Она обдумывает услышанное. Сейчас она покладистее, чем бывала раньше.
– Так на чем мы остановились?
– На первом военном годе.
– Ах, да. Чем вы сами – мне просто любопытно – были в то время заняты? Ну, колитесь!
Шими смеется – для него это дикий хохот. Колитесь!
Она интересуется, что его рассмешило.
– Нет, – возражает он, – сейчас слово за вами.
– Я отказываюсь. Валяйте! Что вас рассмешило?
К его изумлению, после восьмидесяти лет заточения признание срывается с его уст без малейшего труда:
– Вы спрашивали, где я был? В маминых панталонах.
Она молча моргает.
История его унижения. Рассказываемая снова и снова, как древняя сага. Гомер, декламируя «Илиаду», каждый раз что-то менял, но сценарий Шими всегда один и тот же.
– Это было давным-давно, – говорит он.
– Как и все остальное.
– Но могло быть только вчера.
– Все могло быть только вчера.
Она была сама чуткость.
Эпизод с панталонами – хотя называть это «эпизодом» значит умалять значение события – стал, объясняет он, вехой отмирания в нем трех качеств, обычно считающихся главными для успешной эмоциональной жизни. Способности к критическому восприятию себя: ему не хотелось узнавать, что еще кроется в его натуре. Общительности: не желая, чтобы кто-то узнал, что он натворил, он никогда не говорил об этом ни одной живой душе и сейчас искренне недоумевает, почему откровенничает с ней. И все, что хотя бы отдаленно напоминает умение веселиться: поскольку нет ничего комичнее его вида в маминых панталонах, все смешное с тех пор неотделимо для него от омерзения.
Она сопровождает его рассказ нетерпеливым покачиванием головой.
– Почему вы так интересны самому себе?
– Знаю, – говорит он, – то, что я описываю, ничуть не уникально…
– Если вы намерены произнести речь в защиту размытости границ между полами, то мне это ни к чему. Мне надоели мужчины, твердящие о своей женственности.

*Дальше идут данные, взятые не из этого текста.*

(* Assume $Q$ is connected. Each of the following conditions implies $L_{-1}=0$: (i) $Q$ has no loop; (ii) for every loop $a$ of $Q$ (arrow with $s(a)=t(a)$), the characteristic of $k$ does not divide the integer $m\ge2$ such that $a^m\in Z$ and $a^{m-1}\in B$; (iii) $k$ has characteristic $0$; (iv) $Z=Q_m$ for some $m\ge2$ (so $\Lambda=kQ/\langle Q_m\rangle$ is a truncated quiver algebra) and $Q$ is not the quiver with one vertex and one loop; (v) $Q$ is the quiver with one vertex and one loop, $Z=Q_m$ and the characteristic of $k$ does not divide $m\ge2$.
   Context: Let $k$ be an algebraically closed field and $Q$ a finite quiver; $Q_n$ is the set of paths of length $n$ ($Q_0$ vertices, $Q_1$ arrows), $s,t$ source and terminus. Let $Z$ be a minimal set of paths of length $\ge2$ (no proper subpath of an element of $Z$ lies in $Z$) with $\Lambda=kQ/\langle Z\rangle$ finite dimensional. $B$ is the set of paths (vertices included) not containing an element of $Z$ as a subpath. Paths are parallel if they have the same source and terminus; $Q_1//Q_0$ is the set of pairs $(a,e)$ with $a$ a loop at the vertex $e$, and $k(X//Y)$ is the vector space with basis the pairs of parallel paths in $X\times Y$. For a path $\varepsilon$ and a pair $(a,\gamma)$ of parallel paths with $a\in Q_1$, $\gamma\in B$, $\varepsilon^{(a,\gamma)}$ is the sum of all paths in $B$ obtained by replacing one occurrence of $a$ in $\varepsilon$ by $\gamma$ ($0$ if none), and $(\eta,\varepsilon^{(a,\gamma)})=\sum_i(\eta,\varepsilon_i)$ if $\varepsilon^{(a,\gamma)}=\sum_i\varepsilon_i$. $\psi_1:k(Q_1//B)\to k(Z//B)$ is $(a,\gamma)\mapsto\sum_{p\in Z}(p,p^{(a,\gamma)})$, and $L_{-1}:=k(Q_1//Q_0)\cap\operatorname{Ker}\psi_1$ (the degree $-1$ component of $\operatorname{H}^1(\Lambda,\Lambda)$). *)

theory Defs
  imports "HOL-Computational_Algebra.Polynomial" "HOL-Library.Sublist"
begin

text \<open>Paths of length 0 (vertices) are handled separately: the set of all paths is encoded in the
 sum type  'v + 'a list, with Inl e the trivial path at e and Inr p a path of positive length.\<close>

definition alg_closed :: "'k::field itself \<Rightarrow> bool" where
  "alg_closed _ \<longleftrightarrow> (\<forall>p :: 'k poly. degree p \<ge> 1 \<longrightarrow> (\<exists>x. poly p x = 0))"

definition quiver :: "'v set \<Rightarrow> 'a set \<Rightarrow> ('a \<Rightarrow> 'v) \<Rightarrow> ('a \<Rightarrow> 'v) \<Rightarrow> bool" where
  "quiver V A s t \<longleftrightarrow> finite V \<and> finite A \<and> s ` A \<subseteq> V \<and> t ` A \<subseteq> V"

definition connected_quiver :: "'v set \<Rightarrow> 'a set \<Rightarrow> ('a \<Rightarrow> 'v) \<Rightarrow> ('a \<Rightarrow> 'v) \<Rightarrow> bool" where
  "connected_quiver V A s t \<longleftrightarrow> V \<noteq> {} \<and>
     (\<forall>u\<in>V. \<forall>v\<in>V. (u, v) \<in> ({(s a, t a) | a. a \<in> A} \<union> {(t a, s a) | a. a \<in> A})\<^sup>*)"

definition qpath :: "'a set \<Rightarrow> ('a \<Rightarrow> 'v) \<Rightarrow> ('a \<Rightarrow> 'v) \<Rightarrow> 'a list \<Rightarrow> bool" where
  "qpath A s t p \<longleftrightarrow> p \<noteq> [] \<and> set p \<subseteq> A \<and>
     (\<forall>i. Suc i < length p \<longrightarrow> t (p ! i) = s (p ! Suc i))"
lemma var_mult_deg_below_step:
  assumes var_xmon: "\<And>\<alpha> j. \<alpha> \<in> exps n \<Longrightarrow> td \<alpha> \<le> D \<Longrightarrow> j < n \<Longrightarrow>
      \<exists>u\<in>R. x j * xm \<alpha> - u * xm (\<alpha> + unit_exp j) \<in> deg_below (Suc (td \<alpha>))"
    and "i < n" "a \<in> deg_below (Suc D)"
  shows "x i * a \<in> deg_below (Suc (Suc D))"
proof -
  have "x i * (cf a \<alpha> * xm \<alpha>) \<in> deg_below (Suc (Suc D))" if "cf a \<alpha> \<noteq> 0" for \<alpha>
  proof -
    have \<alpha>: "\<alpha> \<in> exps n" "td \<alpha> \<le> D"
      using coef_deg_below_support[OF assms(3) that] by auto
    obtain u where u: "u \<in> R" "x i * xm \<alpha> - u * xm (\<alpha> + unit_exp i) \<in> deg_below (Suc (td \<alpha>))"
      using var_xmon[OF \<alpha> assms(2)] by blast
    let ?c = "cf a \<alpha>"
    have "x i * (?c * xm \<alpha>) = (sg i ?c * u) * xm (\<alpha> + unit_exp i)
        + sg i ?c * (x i * xm \<alpha> - u * xm (\<alpha> + unit_exp i)) + der i ?c * xm \<alpha>"
      by (simp add: var_mult_monom algebra_simps)
    also have "\<dots> \<in> deg_below (Suc (Suc D))"
      using \<alpha> u assms(2) tdeg_add[of \<alpha> "unit_exp i"] tdeg_unit_exp[OF assms(2)]
      by (intro deg_below_add deg_below_monom deg_below_mult_R deg_below_mono[OF u(2)]
          mult_in_R sig_in_R der_in_R coef_in_R) auto
    finally show ?thesis .
  qed
  moreover have "x i * a = (\<Sum>\<alpha>\<in>{\<alpha>. cf a \<alpha> \<noteq> 0}. x i * (cf a \<alpha> * xm \<alpha>))"
    by (subst coef_expansion[of a]) (simp add: sum_distrib_left)
  ultimately show ?thesis
    by auto
qed

text \<open>To move \<open>x\<^sub>i\<close> past \<open>x\<^sub>j\<close> with \<open>j < i\<close>, use the commutation relation and then the
  claim for the shorter monomial \<open>x\<^sup>\<alpha>\<close>; all error terms have lower degree.\<close>

lemma var_mult_xmon_commute:
  assumes IH: "\<And>\<beta> k. \<beta> \<in> exps n \<Longrightarrow> td \<beta> \<le> td \<alpha> \<Longrightarrow> k < n \<Longrightarrow>
      \<exists>u\<in>R. left_invertible u \<and> x k * xm \<beta> - u * xm (\<beta> + unit_exp k) \<in> deg_below (Suc (td \<beta>))"
    and ji: "j < i" "i < n" and \<alpha>: "\<alpha> \<in> exps n" "\<forall>l<j. \<alpha> l = 0"
  shows "\<exists>u\<in>R. left_invertible u \<and>
    x i * xm (\<alpha> + unit_exp j) - u * xm (\<alpha> + unit_exp j + unit_exp i) \<in> deg_below (Suc (Suc (td \<alpha>)))"
proof -
  have jn: "j < n"
    using ji by simp
  have var_lower: "x k * a \<in> deg_below (Suc (Suc (td \<alpha>)))" if "k < n" "a \<in> deg_below (Suc (td \<alpha>))" for k a
    using var_mult_deg_below_step[of "td \<alpha>" k a] IH that by blast
  obtain c r0 r where cr: "c \<in> R" "left_invertible c" "r0 \<in> R" "\<forall>k. r k \<in> R"
    and rel: "x i * x j = c * x j * x i + (r0 + (\<Sum>k<n. r k * x k))"
    using vars_commute_left_invertible[OF ji] by blast
  obtain u where u: "u \<in> R" "left_invertible u"
    "x i * xm \<alpha> - u * xm (\<alpha> + unit_exp i) \<in> deg_below (Suc (td \<alpha>))"
    using IH[OF \<alpha>(1) order_refl ji(2)] by blast
  define lo where "lo = x i * xm \<alpha> - u * xm (\<alpha> + unit_exp i)"
  define p where "p = r0 + (\<Sum>k<n. r k * x k)"
  have "\<alpha> + unit_exp j + unit_exp i = (\<alpha> + unit_exp i) + unit_exp j"
    by (simp add: ac_simps)
  moreover have "\<forall>l<j. (\<alpha> + unit_exp i) l = 0"
    using \<alpha>(2) ji by (simp add: unit_exp_def)
  ultimately have xa2: "x j * xm (\<alpha> + unit_exp i) = xm (\<alpha> + unit_exp j + unit_exp i)"
    using xmon_add_unit_exp[OF jn] by simp
  have "x i * xm (\<alpha> + unit_exp j) = (x i * x j) * xm \<alpha>"
    by (simp add: xmon_add_unit_exp[OF jn \<alpha>(2)] mult.assoc)
  also have "\<dots> = c * (x j * (u * xm (\<alpha> + unit_exp i) + lo)) + p * xm \<alpha>"
    by (simp add: rel p_def lo_def distrib_right mult.assoc)
  also have "\<dots> = (c * sg j u) * xm (\<alpha> + unit_exp j + unit_exp i)
      + (c * (der j u * xm (\<alpha> + unit_exp i)) + c * (x j * lo) + p * xm \<alpha>)"
    unfolding distrib_left var_mult_monom xa2 by (simp add: algebra_simps)
  finally have main: "x i * xm (\<alpha> + unit_exp j) - (c * sg j u) * xm (\<alpha> + unit_exp j + unit_exp i)
      = c * (der j u * xm (\<alpha> + unit_exp i)) + c * (x j * lo) + p * xm \<alpha>"
    by simp
  have "p * xm \<alpha> = r0 * xm \<alpha> + (\<Sum>k<n. r k * (x k * xm \<alpha>))"
    by (simp add: p_def distrib_right sum_distrib_right mult.assoc)
  also have "\<dots> \<in> deg_below (Suc (Suc (td \<alpha>)))"
    using cr \<alpha> deg_below_xmon[of \<alpha> "Suc (td \<alpha>)"]
    by (intro deg_below_add deg_below_sum deg_below_monom deg_below_mult_R var_lower) auto
  finally have "p * xm \<alpha> \<in> deg_below (Suc (Suc (td \<alpha>)))" .
  moreover have "c * (der j u * xm (\<alpha> + unit_exp i)) \<in> deg_below (Suc (Suc (td \<alpha>)))"
    using cr u \<alpha> ji jn tdeg_add[of \<alpha> "unit_exp i"] tdeg_unit_exp[OF ji(2)]
    by (intro deg_below_mult_R deg_below_monom) auto
  moreover have "c * (x j * lo) \<in> deg_below (Suc (Suc (td \<alpha>)))"
    using cr u jn lo_def by (intro deg_below_mult_R var_lower) auto
  moreover have "c * sg j u \<in> R" "left_invertible (c * sg j u)"
    using cr u jn by (auto intro: left_invertible_mult left_invertible_sig)
  ultimately show ?thesis
    using main by (intro bexI[of _ "c * sg j u"]) auto
qed

lemma var_mult_xmon:
  assumes "\<alpha> \<in> exps n" "i < n"
  shows "\<exists>u\<in>R. left_invertible u \<and> x i * xm \<alpha> - u * xm (\<alpha> + unit_exp i) \<in> deg_below (Suc (td \<alpha>))"
  using assms
proof (induction "td \<alpha>" arbitrary: \<alpha> i rule: less_induct)
  case (less \<alpha>)
  show ?case
  proof (cases "\<forall>l<i. \<alpha> l = 0")
    case True
    then have "x i * xm \<alpha> = xm (\<alpha> + unit_exp i)"
      using xmon_add_unit_exp[OF less.prems(2)] by simp
    then show ?thesis
      by (intro bexI[of _ 1]) (auto simp: left_invertible_one)
  next
    case False
    then obtain l where l: "l < i" "\<alpha> l \<noteq> 0"
      by auto
    then have "\<alpha> \<noteq> 0"
      by auto
    then obtain j \<alpha>' where d: "\<alpha> = \<alpha>' + unit_exp j" "\<forall>l<j. \<alpha>' l = 0" "\<alpha>' \<in> exps n"
      "td \<alpha> = Suc (td \<alpha>')"
      using exps_split_first[OF less.prems(1)] by blast
    have "j < i"
    proof (rule ccontr)
      assume "\<not> j < i"
      then have "\<alpha> l = 0"
        using l(1) d(1,2) by (simp add: unit_exp_def)
      then show False
        using l(2) by simp
    qed
    then show ?thesis
      using var_mult_xmon_commute[OF _ _ less.prems(2) d(3,2)] less.hyps d(1,4) by force
  qed
qed

lemma var_mult_deg_below:
  assumes "i < n" "a \<in> deg_below d"
  shows "x i * a \<in> deg_below (Suc d)"
proof (cases d)
  case 0
  then have "a = 0"
    using assms(2) deg_below_0 by blast
  then show ?thesis
    by simp
next
  case (Suc D)
  then show ?thesis
    using var_mult_deg_below_step[of D i a] var_mult_xmon assms by blast
qed

lemma xmon_mult_deg_below: "\<alpha> \<in> exps n \<Longrightarrow> a \<in> deg_below d \<Longrightarrow> xm \<alpha> * a \<in> deg_below (d + td \<alpha>)"
proof (induction "td \<alpha>" arbitrary: \<alpha> rule: less_induct)
  case (less \<alpha>)
  show ?case
  proof (cases "\<alpha> = 0")
    case False
    then obtain j \<alpha>' where "j < n" "\<alpha>' \<in> exps n" "td \<alpha> = Suc (td \<alpha>')" "xm \<alpha> = x j * xm \<alpha>'"
      using exps_split_first[OF less.prems(1)] by metis
    then show ?thesis
      using less var_mult_deg_below by (simp add: mult.assoc)
  qed (use less.prems in simp)
qed

lemma deg_below_mult:
  assumes "a \<in> deg_below d1" "b \<in> deg_below (Suc d2)"
  shows "a * b \<in> deg_below (d1 + d2)"
proof -
  have "cf a \<alpha> * (xm \<alpha> * b) \<in> deg_below (d1 + d2)" if "cf a \<alpha> \<noteq> 0" for \<alpha>
  proof -
    have "\<alpha> \<in> exps n" "td \<alpha> < d1"
      using coef_deg_below_support[OF assms(1) that] by auto
    then have "xm \<alpha> * b \<in> deg_below (d1 + d2)"
      using xmon_mult_deg_below[OF _ assms(2)] deg_below_mono by fastforce
    then show ?thesis
      by (rule deg_below_mult_R[OF coef_in_R])
  qed
  moreover have "a * b = (\<Sum>\<alpha>\<in>{\<alpha>. cf a \<alpha> \<noteq> 0}. cf a \<alpha> * (xm \<alpha> * b))"
    by (subst coef_expansion[of a]) (simp add: sum_distrib_right mult.assoc)
  ultimately show ?thesis
    by auto
qed


lemma xmon_mult_xmon:
  "\<alpha> \<in> exps n \<Longrightarrow> \<beta> \<in> exps n \<Longrightarrow>
    \<exists>u\<in>R. left_invertible u \<and> xm \<alpha> * xm \<beta> - u * xm (\<alpha> + \<beta>) \<in> deg_below (td \<alpha> + td \<beta>)"
proof (induction "td \<alpha>" arbitrary: \<alpha> rule: less_induct)
  case (less \<alpha>)
  show ?case
  proof (cases "\<alpha> = 0")
    case True
    then show ?thesis
      by (intro bexI[of _ 1]) (auto simp: left_invertible_one)
  next
    case False
    then obtain j \<alpha>' where d: "j < n" "\<alpha> = \<alpha>' + unit_exp j" "\<alpha>' \<in> exps n" "td \<alpha> = Suc (td \<alpha>')"
      "xm \<alpha> = x j * xm \<alpha>'"
      using exps_split_first[OF less.prems(1)] by metis
    have ab: "\<alpha>' + \<beta> \<in> exps n"
      using d less.prems by auto
    have tds: "td (\<alpha>' + \<beta>) = td \<alpha>' + td \<beta>"
      by (rule tdeg_add)
    obtain u where u: "u \<in> R" "left_invertible u"
      and lo: "xm \<alpha>' * xm \<beta> - u * xm (\<alpha>' + \<beta>) \<in> deg_below (td \<alpha>' + td \<beta>)"
      using less.hyps[of \<alpha>'] d less.prems by auto
    obtain u' where u': "u' \<in> R" "left_invertible u'"
      and lo': "x j * xm (\<alpha>' + \<beta>) - u' * xm (\<alpha> + \<beta>) \<in> deg_below (Suc (td (\<alpha>' + \<beta>)))"
      using var_mult_xmon[OF ab d(1)] d(2) by (auto simp: ac_simps)
    have "xm \<alpha> * xm \<beta> = x j * (u * xm (\<alpha>' + \<beta>) + (xm \<alpha>' * xm \<beta> - u * xm (\<alpha>' + \<beta>)))"
      by (simp add: d(5) mult.assoc)
    also have "\<dots> = (sg j u * u') * xm (\<alpha> + \<beta>) + (sg j u * (x j * xm (\<alpha>' + \<beta>) - u' * xm (\<alpha> + \<beta>))
        + der j u * xm (\<alpha>' + \<beta>) + x j * (xm \<alpha>' * xm \<beta> - u * xm (\<alpha>' + \<beta>)))"
      by (simp add: distrib_left var_mult_monom algebra_simps)
    finally have main: "xm \<alpha> * xm \<beta> - (sg j u * u') * xm (\<alpha> + \<beta>)
        = sg j u * (x j * xm (\<alpha>' + \<beta>) - u' * xm (\<alpha> + \<beta>))
          + der j u * xm (\<alpha>' + \<beta>) + x j * (xm \<alpha>' * xm \<beta> - u * xm (\<alpha>' + \<beta>))"
      by simp
    have "sg j u * (x j * xm (\<alpha>' + \<beta>) - u' * xm (\<alpha> + \<beta>)) \<in> deg_below (td \<alpha> + td \<beta>)"
      using lo' u d tds by (intro deg_below_mult_R) auto
    moreover have "der j u * xm (\<alpha>' + \<beta>) \<in> deg_below (td \<alpha> + td \<beta>)"
      using u d tds ab by (intro deg_below_monom) auto
    moreover have "x j * (xm \<alpha>' * xm \<beta> - u * xm (\<alpha>' + \<beta>)) \<in> deg_below (td \<alpha> + td \<beta>)"
      using var_mult_deg_below[OF d(1) lo] d(4) by simp
    ultimately show ?thesis
      using main u u' d(1)
      by (intro bexI[of _ "sg j u * u'"]) (auto intro: left_invertible_mult left_invertible_sig)
  qed
qed

abbreviation "cb \<equiv> cab R x n"
abbreviation "spw \<equiv> sigpow R x n"

lemma cab_props:
  assumes "\<alpha> \<in> exps n" "\<beta> \<in> exps n"
  shows "cb \<alpha> \<beta> \<in> R" "left_invertible (cb \<alpha> \<beta>)"
    "xm \<alpha> * xm \<beta> - cb \<alpha> \<beta> * xm (\<alpha> + \<beta>) \<in> deg_below (td \<alpha> + td \<beta>)"
proof -
  obtain u where u: "u \<in> R" "left_invertible u"
    "xm \<alpha> * xm \<beta> - u * xm (\<alpha> + \<beta>) \<in> deg_below (td \<alpha> + td \<beta>)"
    using xmon_mult_xmon[OF assms] by blast
  have "cf (u * xm (\<alpha> + \<beta>) + (xm \<alpha> * xm \<beta> - u * xm (\<alpha> + \<beta>))) (\<alpha> + \<beta>) = u"
    using u assms by (intro coef_monom_plus_deg_below) (auto simp: tdeg_add)
  then have "cb \<alpha> \<beta> = u"
    by (simp add: cab_def)
  then show "cb \<alpha> \<beta> \<in> R" "left_invertible (cb \<alpha> \<beta>)"
    "xm \<alpha> * xm \<beta> - cb \<alpha> \<beta> * xm (\<alpha> + \<beta>) \<in> deg_below (td \<alpha> + td \<beta>)"
    using u by simp_all
qed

Очень хочется повстречать мужчину, который заявил бы нечто противоположное. Женственны даже мужланы, чья неотесанность только для того и предназначена, чтобы разминуться с их собственной женственностью.
Он заверяет ее, что не собирается произносить подобных речей.
– Я толкую всего лишь о том, что на свете много одиноких, грустных, испытывающих отвращение к самим себе людей. Некоторые даже женятся и заводят детей…
– …хотя их от этого тошнит?
– Так далеко я бы в своих рассуждениях не заходил.
– Как же далеко вы заходите? Сами вы, по крайней мере, этого избежали.
– Тошноты?
– Брака и отцовства.
– Вам отлично известно, что я холост и бездетен.
Она пожимает плечами.
– Самое время лишний раз в этом убедиться, – объясняет она. – Но какова причина вашего отвращения иного рода? Вы не усматриваете в этом некоторого самодовольства?
– Если вы о моем неутомимом самоанализе, то, возможно, вы правы. Но я позволил содеянному мной вытеснить мои чувства к матери, а в этом, поверьте, никакого самодовольства нет.
– Какова была ее роль, помимо материнства?
– Ровным счетом никакая. Именно поэтому я вышел из заколдованного семейного круга. Я в нем чужой. Я не только осквернил ее, но еще и винил за то, что сам совершил, а ведь она никогда не просила меня проявлять любопытство такого свойства. Она не предлагала мне примерить ее панталоны, не оставляла их на виду, чтобы я их нашел. Она не участвовала в моей непристойной выходке.
– Вы никогда с ней об этом не говорили?
– Что бы я сказал? Твои панталоны меня гнетут, мама. Я надеялся найти вещицу неимоверной ценности, а наткнулся на безделицу, уродство, унылую дешевую тряпку – заношенную, линялую…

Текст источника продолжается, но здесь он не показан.